Code Practice

Code Practice#

You can find this notebook on Colab at this link.

Introduction#

In this code example, we will build a simple music captioning model.

As we’ve seen in the tutorial, music captioning is the task of processing music audio and producing natural language that describes its content.

Music-Captioning Model

The task can be framed as language modelling conditioned on music signals, and we have seen that there are different modelling paradigms through which we can achieve this. Encoder-decoder models, in particular, are a common framework used in music captioning (as well as other types of media captioning). As the name suggests, this type of model simply consists of an encoder which produces representations of the input audio and a decoder which “translates” these representations into natural language.

What we will build#

Now we put what we’ve learnt so far into practice by building and training our own encoder-decoder model for music captioning. In order to make training feasible within a short(ish) session, we use a small dataset and leverage pre-trained audio encoding and text decoding modules. But the overall principle and design is not dissimilar from more sophisticated models. More specifically, we use:

MusicFM as our audio encoder: Minz et al. A Foundation Model for Music Informatics
GPT2 as our text decoder: Radford et al. Language Models are Unsupervised Multitask Learners

Prerequisites#

Basic Python knowledge
Familiarity with deep learning concepts
Google Colab account (free!)

We build the model with PyTorch and use HuggingFace Datasets to quickly set up the data, but the code should be simple enough to follow even if you’re not too familiar with these tools.

Let’s Get Started! 🚀#

Step 1: Setting up our environment#

First, let’s set up our Google Colab environment. Create a new notebook and make sure you’ve got that GPU runtime enabled.

import torch
print("GPU Available:", torch.cuda.is_available())
print("GPU Device Name:", torch.cuda.get_device_name(0) if torch.cuda.is_available() else "No GPU")

GPU Available: False
GPU Device Name: No GPU

Step 2: Loading the data 📊#

We’ll be using a subset of the LP-MusicCaps-MTT dataset. This is great for us as as it’s not too large (3k training samples, 300 test samples) and includes 10-second clips of CC-licensed music.

%%capture
!pip install datasets transformers
import torchaudio
import torch.nn as nn
from tqdm.notebook import tqdm
from transformers import AutoModel, Wav2Vec2FeatureExtractor, GPT2LMHeadModel, GPT2Tokenizer
from datasets import load_dataset
from IPython.display import Audio

dataset = load_dataset("mulab-mir/lp-music-caps-magnatagatune-3k", split="train")

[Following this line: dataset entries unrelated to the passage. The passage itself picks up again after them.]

(* Let $\mu>1$ and $\beta>0$. If $\tilde f\in\tilde{\mathcal C}_{1,\beta}(V)$ is such that $\tilde M=\tilde\delta\tilde f$ satisfies $\mathcal N[\tilde M;\tilde{\mathcal C}^\mu_{2,\beta}]<\infty$, then $\tilde M=0$. In other words, $\mathcal Z\tilde{\mathcal C}^\mu_{2,\beta}=\{0\}$.
   Context: Fix a measurable $\hat\phi:(0,\infty)\to\mathbb R$, a separable Banach space $V$ and an interval $[\ell_1,\ell_2]$. $\mathcal L_\beta(V)$ is the space of measurable $g:[0,\infty)\to V$ with $\mathcal N[g;\mathcal L_\beta]=\int_0^\infty|\hat\phi(\xi)|(1+\xi^\beta)\|g(\xi)\|_Vd\xi<\infty$. $\tilde{\mathcal C}_{1,\beta}(V)$ is the space of continuous maps $[\ell_1,\ell_2]\to\mathcal L_\beta(V)$, $\tilde{\mathcal C}_{2,\beta}(V)$ the space of continuous maps from $\{(t,s):\ell_2\ge t\ge s\ge\ell_1\}$ to $\mathcal L_\beta(V)$. $(\tilde\delta\tilde f)_{ts}(\xi)=\tilde f_t(\xi)-e^{-\xi(t-s)}\tilde f_s(\xi)$. $\mathcal N[\tilde M;\tilde{\mathcal C}^\mu_{2,\beta}]=\sup_{s<t}\mathcal N[\tilde M_{ts};\mathcal L_\beta]/|t-s|^\mu$, and $\mathcal Z\tilde{\mathcal C}^\mu_{2,\beta}$ is the set of elements of $\tilde{\mathcal C}_{2,\beta}$ of finite such norm lying in the image of $\tilde\delta$. *)

theory Defs
  imports "HOL-Analysis.Analysis"
begin

definition Nbeta :: "(real \<Rightarrow> real) \<Rightarrow> real \<Rightarrow> (real \<Rightarrow> 'v::real_normed_vector) \<Rightarrow> ennreal" where
  "Nbeta phi beta g =
     (\<integral>\<^sup>+ \<xi>\<in>{0..}. ennreal (\<bar>phi \<xi>\<bar> * (1 + \<xi> powr beta) * norm (g \<xi>)) \<partial>lborel)"

definition Lbeta :: "(real \<Rightarrow> real) \<Rightarrow> real \<Rightarrow> (real \<Rightarrow> 'v::{banach,second_countable_topology}) set" where
  "Lbeta phi beta = {g. g \<in> borel_measurable (restrict_space lborel {0..}) \<and> Nbeta phi beta g < \<infinity>}"

definition C1beta :: "(real \<Rightarrow> real) \<Rightarrow> real \<Rightarrow> real \<Rightarrow> real \<Rightarrow>
    (real \<Rightarrow> real \<Rightarrow> 'v::{banach,second_countable_topology}) set" where
  "C1beta phi beta l1 l2 =
     {f. (\<forall>t\<in>{l1..l2}. f t \<in> Lbeta phi beta) \<and>
         (\<forall>t\<in>{l1..l2}. \<forall>\<epsilon>>0. \<exists>d>0. \<forall>s\<in>{l1..l2}. \<bar>s - t\<bar> < d \<longrightarrow>
             Nbeta phi beta (\<lambda>\<xi>. f s \<xi> - f t \<xi>) < ennreal \<epsilon>)}"

definition tdelta :: "(real \<Rightarrow> real \<Rightarrow> 'v::real_normed_vector) \<Rightarrow> real \<Rightarrow> real \<Rightarrow> real \<Rightarrow> 'v" where
  "tdelta f t s = (\<lambda>\<xi>. f t \<xi> - exp (- \<xi> * (t - s)) *\<^sub>R f s \<xi>)"

definition NC2mu :: "(real \<Rightarrow> real) \<Rightarrow> real \<Rightarrow> real \<Rightarrow> real \<Rightarrow> real \<Rightarrow>
    (real \<Rightarrow> real \<Rightarrow> real \<Rightarrow> 'v::real_normed_vector) \<Rightarrow> ennreal" where
  "NC2mu phi beta mu l1 l2 M =
     (SUP p\<in>{(t, s). l1 \<le> s \<and> s < t \<and> t \<le> l2}.
        Nbeta phi beta (M (fst p) (snd p)) / ennreal (\<bar>fst p - snd p\<bar> powr mu))"

end

theory Submission
  imports Defs
begin

text \<open>The increment M = \<delta>f satisfies Chen's relation
  M(t,u) = M(t,s) + exp(-\<xi>(t-s)) M(s,u), whose factor exp(-\<xi>(t-s)) has modulus at most 1
  for \<xi> \<ge> 0. Hence the weighted norm of M(t,u) is at most the sum of the norms of M over the
  pieces of any partition of [u,t]. On the uniform partition into n pieces each term is
  O((t-u)/n)^\<mu>, so the sum is O(n^(1-\<mu>)), which tends to 0 because \<mu> > 1.\<close>

lemma tdelta_chen:
  fixes f :: "real \<Rightarrow> real \<Rightarrow> 'v::real_normed_vector"
  shows "tdelta f t u \<xi> = tdelta f t s \<xi> + exp (- \<xi> * (t - s)) *\<^sub>R tdelta f s u \<xi>"
proof -
  have "exp (\<xi> * s - \<xi> * t) * exp (\<xi> * u - \<xi> * s) = exp (\<xi> * u - \<xi> * t)"
    by (simp add: exp_add[symmetric])
  then show ?thesis
    unfolding tdelta_def by (simp add: algebra_simps)
qed

lemma norm_tdelta_triangle:
  fixes f :: "real \<Rightarrow> real \<Rightarrow> 'v::real_normed_vector"
  assumes "\<xi> \<ge> 0" "s \<le> t"
  shows "norm (tdelta f t u \<xi>) \<le> norm (tdelta f t s \<xi>) + norm (tdelta f s u \<xi>)"
proof -
  have "exp (- \<xi> * (t - s)) \<le> 1"
    using assms by simp
  then have "norm (exp (- \<xi> * (t - s)) *\<^sub>R tdelta f s u \<xi>) \<le> norm (tdelta f s u \<xi>)"
    by (simp add: mult_left_le_one_le)
  then show ?thesis
    unfolding tdelta_chen[of f t u \<xi> s] by (meson norm_triangle_le order.refl add_mono)
qed

lemma norm_tdelta_chain_le:
  fixes f :: "real \<Rightarrow> real \<Rightarrow> 'v::real_normed_vector"
  assumes "\<xi> \<ge> 0" "incseq a"
  shows "norm (tdelta f (a n) (a 0) \<xi>) \<le> (\<Sum>k<n. norm (tdelta f (a (Suc k)) (a k) \<xi>))"
proof (induction n)
  case 0
  then show ?case by (simp add: tdelta_def)
next
  case (Suc n)
  have "a n \<le> a (Suc n)"
    using assms(2) by (simp add: incseq_SucD)
  then have "norm (tdelta f (a (Suc n)) (a 0) \<xi>)
      \<le> norm (tdelta f (a (Suc n)) (a n) \<xi>) + norm (tdelta f (a n) (a 0) \<xi>)"
    by (rule norm_tdelta_triangle[OF assms(1)])
  then show ?case
    using Suc by simp
qed

lemma Nbeta_eq_nn_integral_restrict:
  "Nbeta phi beta g =
     (\<integral>\<^sup>+ \<xi>. ennreal (\<bar>phi \<xi>\<bar> * (1 + \<xi> powr beta) * norm (g \<xi>)) \<partial>restrict_space lborel {0..})"
  unfolding Nbeta_def by (subst nn_integral_restrict_space) auto

lemma tdelta_weighted_measurable:
  fixes f :: "real \<Rightarrow> real \<Rightarrow> 'v::{banach,second_countable_topology}"
  assumes "phi \<in> borel_measurable lborel"
    and "f a \<in> borel_measurable (restrict_space lborel {0..})"
    and "f b \<in> borel_measurable (restrict_space lborel {0..})"
  shows "(\<lambda>\<xi>. ennreal (\<bar>phi \<xi>\<bar> * (1 + \<xi> powr beta) * norm (tdelta f a b \<xi>)))
           \<in> borel_measurable (restrict_space lborel {0..})"
proof -
  have [measurable]: "f a \<in> borel_measurable (restrict_space lborel {0..})"
    "f b \<in> borel_measurable (restrict_space lborel {0..})"
    using assms(2,3) .
  have [measurable]: "phi \<in> borel_measurable (restrict_space lborel {0..})"
    by (rule measurable_restrict_space1[OF assms(1)])
  have [measurable]: "(\<lambda>\<xi>::real. 1 + \<xi> powr beta) \<in> borel_measurable (restrict_space lborel {0..})"
    "(\<lambda>\<xi>::real. exp (- \<xi> * (a - b))) \<in> borel_measurable (restrict_space lborel {0..})"
    by (rule measurable_restrict_space1, measurable)+
  show ?thesis
    unfolding tdelta_def by measurable
qed

lemma Nbeta_tdelta_chain_le:
  fixes f :: "real \<Rightarrow> real \<Rightarrow> 'v::{banach,second_countable_topology}"
  assumes "phi \<in> borel_measurable lborel" "incseq a"
    and "\<And>k. k \<le> n \<Longrightarrow> f (a k) \<in> borel_measurable (restrict_space lborel {0..})"
  shows "Nbeta phi beta (tdelta f (a n) (a 0)) \<le> (\<Sum>k<n. Nbeta phi beta (tdelta f (a (Suc k)) (a k)))"
proof -
  let ?R = "restrict_space lborel {0::real..}"
  let ?w = "\<lambda>\<xi>::real. \<bar>phi \<xi>\<bar> * (1 + \<xi> powr beta)"
  have "Nbeta phi beta (tdelta f (a n) (a 0)) = (\<integral>\<^sup>+ \<xi>. ennreal (?w \<xi> * norm (tdelta f (a n) (a 0) \<xi>)) \<partial>?R)"
    by (rule Nbeta_eq_nn_integral_restrict)
  also have "\<dots> \<le> (\<integral>\<^sup>+ \<xi>. (\<Sum>k<n. ennreal (?w \<xi> * norm (tdelta f (a (Suc k)) (a k) \<xi>))) \<partial>?R)"
  proof (rule nn_integral_mono)
    fix \<xi> assume "\<xi> \<in> space ?R"
    then have "\<xi> \<ge> 0" by simp
    then have "?w \<xi> \<ge> 0" by simp
    have "?w \<xi> * norm (tdelta f (a n) (a 0) \<xi>) \<le> ?w \<xi> * (\<Sum>k<n. norm (tdelta f (a (Suc k)) (a k) \<xi>))"
      by (rule mult_left_mono[OF norm_tdelta_chain_le[OF \<open>\<xi> \<ge> 0\<close> assms(2)] \<open>?w \<xi> \<ge> 0\<close>])
    then show "ennreal (?w \<xi> * norm (tdelta f (a n) (a 0) \<xi>))
        \<le> (\<Sum>k<n. ennreal (?w \<xi> * norm (tdelta f (a (Suc k)) (a k) \<xi>)))"
      using \<open>?w \<xi> \<ge> 0\<close> by (subst sum_ennreal) (simp_all add: sum_distrib_left ennreal_leI)
  qed
  also have "\<dots> = (\<Sum>k<n. Nbeta phi beta (tdelta f (a (Suc k)) (a k)))"
    unfolding Nbeta_eq_nn_integral_restrict
    by (rule nn_integral_sum) (intro tdelta_weighted_measurable assms(1,3); simp)
  finally show ?thesis .
qed

lemma Nbeta_le_NC2mu:
  assumes "l1 \<le> s" "s < t" "t \<le> l2"
  shows "Nbeta phi beta (M t s) \<le> NC2mu phi beta mu l1 l2 M * ennreal ((t - s) powr mu)"
proof -
  let ?d = "ennreal ((t - s) powr mu)"
  have "Nbeta phi beta (M t s) / ?d \<le> NC2mu phi beta mu l1 l2 M"
    unfolding NC2mu_def by (rule SUP_upper2[where i="(t, s)"]) (use assms in auto)
  then have "Nbeta phi beta (M t s) / ?d * ?d \<le> NC2mu phi beta mu l1 l2 M * ?d"
    by (rule mult_right_mono) simp
  moreover have "(t - s) powr mu > 0"
    using assms by simp
  ultimately show ?thesis
    by (simp add: ennreal_divide_times ennreal_times_divide mult_divide_eq_ennreal)
qed

lemma Nbeta_tdelta_uniform_partition_le:
  fixes f :: "real \<Rightarrow> real \<Rightarrow> 'v::{banach,second_countable_topology}"
  assumes "phi \<in> borel_measurable lborel" "f \<in> C1beta phi beta l1 l2"
    and "l1 \<le> u" "u < t" "t \<le> l2" "n \<ge> 1"
  shows "Nbeta phi beta (tdelta f t u)
    \<le> NC2mu phi beta mu l1 l2 (tdelta f) * ennreal ((t - u) powr mu) * ennreal (real n powr (1 - mu))"
proof -
  define h where "h = (t - u) / real n"
  define a where "a k = u + real k * h" for k :: nat
  have "h > 0"
    using assms by (simp add: h_def)
  have "incseq a"
    using \<open>h > 0\<close> by (intro incseq_SucI) (simp add: a_def distrib_right)
  have "a 0 = u" "a n = t"
    using assms(6) by (simp_all add: a_def h_def)
  have a_in: "a k \<in> {l1..l2}" if "k \<le> n" for k
  proof -
    have "real k * h \<le> real n * h"
      using that \<open>h > 0\<close> by simp
    also have "\<dots> = t - u"
      using assms(6) by (simp add: h_def)
    finally show ?thesis
      using assms(3-5) \<open>h > 0\<close> unfolding a_def atLeastAtMost_iff
      by (smt (verit) mult_nonneg_nonneg of_nat_0_le_iff)
  qed
  have "Nbeta phi beta (tdelta f t u) \<le> (\<Sum>k<n. Nbeta phi beta (tdelta f (a (Suc k)) (a k)))"
    using Nbeta_tdelta_chain_le[OF assms(1) \<open>incseq a\<close>, of n f beta] a_in assms(2)
    unfolding \<open>a 0 = u\<close> \<open>a n = t\<close> C1beta_def Lbeta_def by auto
  also have "\<dots> \<le> (\<Sum>k<n. NC2mu phi beta mu l1 l2 (tdelta f) * ennreal (h powr mu))"
  proof (rule sum_mono)
    fix k assume "k \<in> {..<n}"
    moreover have "a (Suc k) - a k = h"
      by (simp add: a_def distrib_right)
    ultimately show "Nbeta phi beta (tdelta f (a (Suc k)) (a k))
        \<le> NC2mu phi beta mu l1 l2 (tdelta f) * ennreal (h powr mu)"
      using Nbeta_le_NC2mu[of l1 "a k" "a (Suc k)" l2] a_in[of k] a_in[of "Suc k"] \<open>h > 0\<close> by simp
  qed
  also have "\<dots> = NC2mu phi beta mu l1 l2 (tdelta f) * ennreal (real n * h powr mu)"
    by (simp add: ennreal_mult ennreal_of_nat_eq_real_of_nat mult_ac)
  also have "real n * h powr mu = (t - u) powr mu * real n powr (1 - mu)"
    using assms(4,6) by (simp add: h_def powr_divide powr_diff field_simps)
  finally show ?thesis
    using assms(4) by (simp add: ennreal_mult mult.assoc)
qed

lemma ennreal_eq_0_if_le_powr_decay:
  assumes "mu > 1" "K < \<infinity>" "\<And>n::nat. n \<ge> 1 \<Longrightarrow> x \<le> K * ennreal (real n powr (1 - mu))"
  shows "x = 0"
proof -
  obtain c where "K = ennreal c" "c \<ge> 0"
    using assms(2) by (cases K) auto
  then have x_le: "x \<le> ennreal (c * real n powr (1 - mu))" if "n \<ge> 1" for n :: nat
    using assms(3)[OF that] by (simp add: ennreal_mult)
  then obtain y where "x = ennreal y"
    by (cases x) (auto simp: top_unique dest: spec[of _ 1])
  have "(\<lambda>n::nat. c * real n powr (1 - mu)) \<longlonglongrightarrow> c * 0"
    by (intro tendsto_mult tendsto_const tendsto_neg_powr filterlim_real_sequentially)
       (use assms(1) in simp)
  moreover have "y \<le> c * real n powr (1 - mu)" if "n \<ge> 1" for n :: nat
    using x_le[OF that] \<open>x = ennreal y\<close> \<open>c \<ge> 0\<close> by (simp add: ennreal_le_iff)
  ultimately have "y \<le> c * 0"
    by (intro LIMSEQ_le_const) (auto intro: exI[of _ 1])
  then show ?thesis
    using \<open>x = ennreal y\<close> by (simp add: ennreal_eq_0_iff)
qed

theorem lemma3p4:
  fixes phi :: "real \<Rightarrow> real" and beta mu l1 l2 :: real
    and f :: "real \<Rightarrow> real \<Rightarrow> 'v::{banach,second_countable_topology}"
  assumes "phi \<in> borel_measurable lborel"
    and "l1 \<le> l2"
    and "mu > 1" and "beta > 0"
    and "f \<in> C1beta phi beta l1 l2"
    and "NC2mu phi beta mu l1 l2 (tdelta f) < \<infinity>"
  shows "\<forall>t s. l1 \<le> s \<and> s \<le> t \<and> t \<le> l2 \<longrightarrow> Nbeta phi beta (tdelta f t s) = 0"
proof (intro allI impI)
  fix t u assume tu: "l1 \<le> u \<and> u \<le> t \<and> t \<le> l2"
  show "Nbeta phi beta (tdelta f t u) = 0"
  proof (cases "u = t")
    case True
    then show ?thesis
      unfolding Nbeta_def tdelta_def by simp
  next
    case False
    let ?K = "NC2mu phi beta mu l1 l2 (tdelta f) * ennreal ((t - u) powr mu)"
    have "?K < \<infinity>"
      using assms(6) by (simp add: ennreal_mult_less_top)
    moreover have "Nbeta phi beta (tdelta f t u) \<le> ?K * ennreal (real n powr (1 - mu))"
      if "n \<ge> 1" for n :: nat
      using Nbeta_tdelta_uniform_partition_le[OF assms(1,5)] tu False that by simp
    ultimately show ?thesis
      by (rule ennreal_eq_0_if_le_powr_decay[OF assms(3)])
  qed
qed

end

---------------------------------------------------------------------------
ModuleNotFoundError                       Traceback (most recent call last)
Cell In[2], line 2
      1 get_ipython().system('pip install datasets transformers')
----> 2 import torchaudio
      3 import torch.nn as nn
      4 from tqdm.notebook import tqdm

ModuleNotFoundError: No module named 'torchaudio'

print("Original Magnatagatune Tags: ", dataset[10]['tags'])
print("-"*10)
print("LP-MusicCaps Captions: ")
print("\n".join(dataset[10]['texts']))
Audio(dataset[10]['audio']["array"], rate=22050)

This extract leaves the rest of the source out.